• **What to produce**
Output exactly the lines that run from the top of the entries to the line holding "then B else A)", including both of those lines.

============

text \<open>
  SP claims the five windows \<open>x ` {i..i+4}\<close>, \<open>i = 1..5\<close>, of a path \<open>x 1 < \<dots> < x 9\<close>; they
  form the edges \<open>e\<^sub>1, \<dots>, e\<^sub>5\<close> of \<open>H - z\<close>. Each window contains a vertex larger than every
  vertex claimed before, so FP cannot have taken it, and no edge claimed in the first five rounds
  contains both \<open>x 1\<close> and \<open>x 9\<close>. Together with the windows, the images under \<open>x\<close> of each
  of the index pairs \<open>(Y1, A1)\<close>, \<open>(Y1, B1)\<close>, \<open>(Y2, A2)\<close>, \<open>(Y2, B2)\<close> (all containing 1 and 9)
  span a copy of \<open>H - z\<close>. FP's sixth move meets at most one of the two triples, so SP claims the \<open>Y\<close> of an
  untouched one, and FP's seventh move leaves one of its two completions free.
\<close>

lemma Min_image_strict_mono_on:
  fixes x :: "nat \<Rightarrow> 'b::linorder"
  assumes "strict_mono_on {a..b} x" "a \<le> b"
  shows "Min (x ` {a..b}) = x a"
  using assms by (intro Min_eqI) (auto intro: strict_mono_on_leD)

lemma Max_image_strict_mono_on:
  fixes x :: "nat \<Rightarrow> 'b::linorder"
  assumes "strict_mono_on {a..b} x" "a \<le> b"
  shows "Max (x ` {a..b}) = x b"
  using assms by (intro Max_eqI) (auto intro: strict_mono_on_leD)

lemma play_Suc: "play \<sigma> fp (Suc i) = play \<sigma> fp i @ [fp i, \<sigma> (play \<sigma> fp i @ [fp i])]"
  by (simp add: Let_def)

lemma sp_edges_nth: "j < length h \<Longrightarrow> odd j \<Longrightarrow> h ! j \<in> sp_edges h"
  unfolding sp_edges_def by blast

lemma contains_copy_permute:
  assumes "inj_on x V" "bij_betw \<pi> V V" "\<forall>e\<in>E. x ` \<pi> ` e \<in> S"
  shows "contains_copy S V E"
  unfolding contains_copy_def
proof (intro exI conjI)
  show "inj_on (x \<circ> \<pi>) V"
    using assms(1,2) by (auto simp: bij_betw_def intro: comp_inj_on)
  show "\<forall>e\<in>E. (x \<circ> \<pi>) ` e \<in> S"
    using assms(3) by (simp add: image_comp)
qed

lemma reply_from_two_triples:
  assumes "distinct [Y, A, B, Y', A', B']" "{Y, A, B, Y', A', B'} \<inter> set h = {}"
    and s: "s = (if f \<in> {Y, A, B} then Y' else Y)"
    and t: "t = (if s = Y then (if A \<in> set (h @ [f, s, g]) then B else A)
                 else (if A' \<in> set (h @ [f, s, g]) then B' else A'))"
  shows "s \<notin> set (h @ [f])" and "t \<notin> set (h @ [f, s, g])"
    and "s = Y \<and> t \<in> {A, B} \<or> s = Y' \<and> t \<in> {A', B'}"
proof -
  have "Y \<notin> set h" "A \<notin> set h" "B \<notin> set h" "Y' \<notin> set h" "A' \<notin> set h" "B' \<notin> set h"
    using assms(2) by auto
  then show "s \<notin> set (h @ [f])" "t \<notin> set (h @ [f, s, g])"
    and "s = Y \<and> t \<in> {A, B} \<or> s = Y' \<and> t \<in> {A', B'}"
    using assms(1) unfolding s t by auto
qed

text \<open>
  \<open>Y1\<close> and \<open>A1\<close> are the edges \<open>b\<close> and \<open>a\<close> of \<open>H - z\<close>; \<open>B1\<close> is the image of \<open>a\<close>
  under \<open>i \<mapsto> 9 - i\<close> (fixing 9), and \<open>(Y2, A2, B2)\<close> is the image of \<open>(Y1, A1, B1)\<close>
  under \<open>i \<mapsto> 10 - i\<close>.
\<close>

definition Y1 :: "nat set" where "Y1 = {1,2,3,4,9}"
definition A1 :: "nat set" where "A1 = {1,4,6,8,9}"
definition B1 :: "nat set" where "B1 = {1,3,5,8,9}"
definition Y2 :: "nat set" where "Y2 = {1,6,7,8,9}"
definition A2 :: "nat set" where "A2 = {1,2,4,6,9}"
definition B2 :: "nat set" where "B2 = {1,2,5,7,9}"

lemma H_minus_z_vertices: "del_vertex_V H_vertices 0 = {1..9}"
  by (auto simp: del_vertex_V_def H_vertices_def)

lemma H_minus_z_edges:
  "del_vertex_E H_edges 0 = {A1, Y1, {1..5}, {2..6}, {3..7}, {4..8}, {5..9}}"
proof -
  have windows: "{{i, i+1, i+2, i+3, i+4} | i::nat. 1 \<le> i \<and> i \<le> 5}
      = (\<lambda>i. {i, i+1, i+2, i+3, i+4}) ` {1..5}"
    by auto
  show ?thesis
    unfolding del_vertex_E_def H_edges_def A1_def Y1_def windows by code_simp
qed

============

• **Answer to the problem**
text \<open>
  SP claims the five windows \<open>x ` {i..i+4}\<close>, \<open>i = 1..5\<close>, of a path \<open>x 1 < \<dots> < x 9\<close>; they
  form the edges \<open>e\<^sub>1, \<dots>, e\<^sub>5\<close> of \<open>H - z\<close>. Each window contains a vertex larger than every
  vertex claimed before, so FP cannot have taken it, and no edge claimed in the first five rounds
  contains both \<open>x 1\<close> and \<open>x 9\<close>. Together with the windows, the images under \<open>x\<close> of each
  of the index pairs \<open>(Y1, A1)\<close>, \<open>(Y1, B1)\<close>, \<open>(Y2, A2)\<close>, \<open>(Y2, B2)\<close> (all containing 1 and 9)
  span a copy of \<open>H - z\<close>. FP's sixth move meets at most one of the two triples, so SP claims the \<open>Y\<close> of an
  untouched one, and FP's seventh move leaves one of its two completions free.
\<close>

lemma Min_image_strict_mono_on:
  fixes x :: "nat \<Rightarrow> 'b::linorder"
  assumes "strict_mono_on {a..b} x" "a \<le> b"
  shows "Min (x ` {a..b}) = x a"
  using assms by (intro Min_eqI) (auto intro: strict_mono_on_leD)

lemma Max_image_strict_mono_on:
  fixes x :: "nat \<Rightarrow> 'b::linorder"
  assumes "strict_mono_on {a..b} x" "a \<le> b"
  shows "Max (x ` {a..b}) = x b"
  using assms by (intro Max_eqI) (auto intro: strict_mono_on_leD)

lemma play_Suc: "play \<sigma> fp (Suc i) = play \<sigma> fp i @ [fp i, \<sigma> (play \<sigma> fp i @ [fp i])]"
  by (simp add: Let_def)

lemma sp_edges_nth: "j < length h \<Longrightarrow> odd j \<Longrightarrow> h ! j \<in> sp_edges h"
  unfolding sp_edges_def by blast

lemma contains_copy_permute:
  assumes "inj_on x V" "bij_betw \<pi> V V" "\<forall>e\<in>E. x ` \<pi> ` e \<in> S"
  shows "contains_copy S V E"
  unfolding contains_copy_def
proof (intro exI conjI)
  show "inj_on (x \<circ> \<pi>) V"
    using assms(1,2) by (auto simp: bij_betw_def intro: comp_inj_on)
  show "\<forall>e\<in>E. (x \<circ> \<pi>) ` e \<in> S"
    using assms(3) by (simp add: image_comp)
qed

lemma reply_from_two_triples:
  assumes "distinct [Y, A, B, Y', A', B']" "{Y, A, B, Y', A', B'} \<inter> set h = {}"
    and s: "s = (if f \<in> {Y, A, B} then Y' else Y)"
    and t: "t = (if s = Y then (if A \<in> set (h @ [f, s, g]) then B else A)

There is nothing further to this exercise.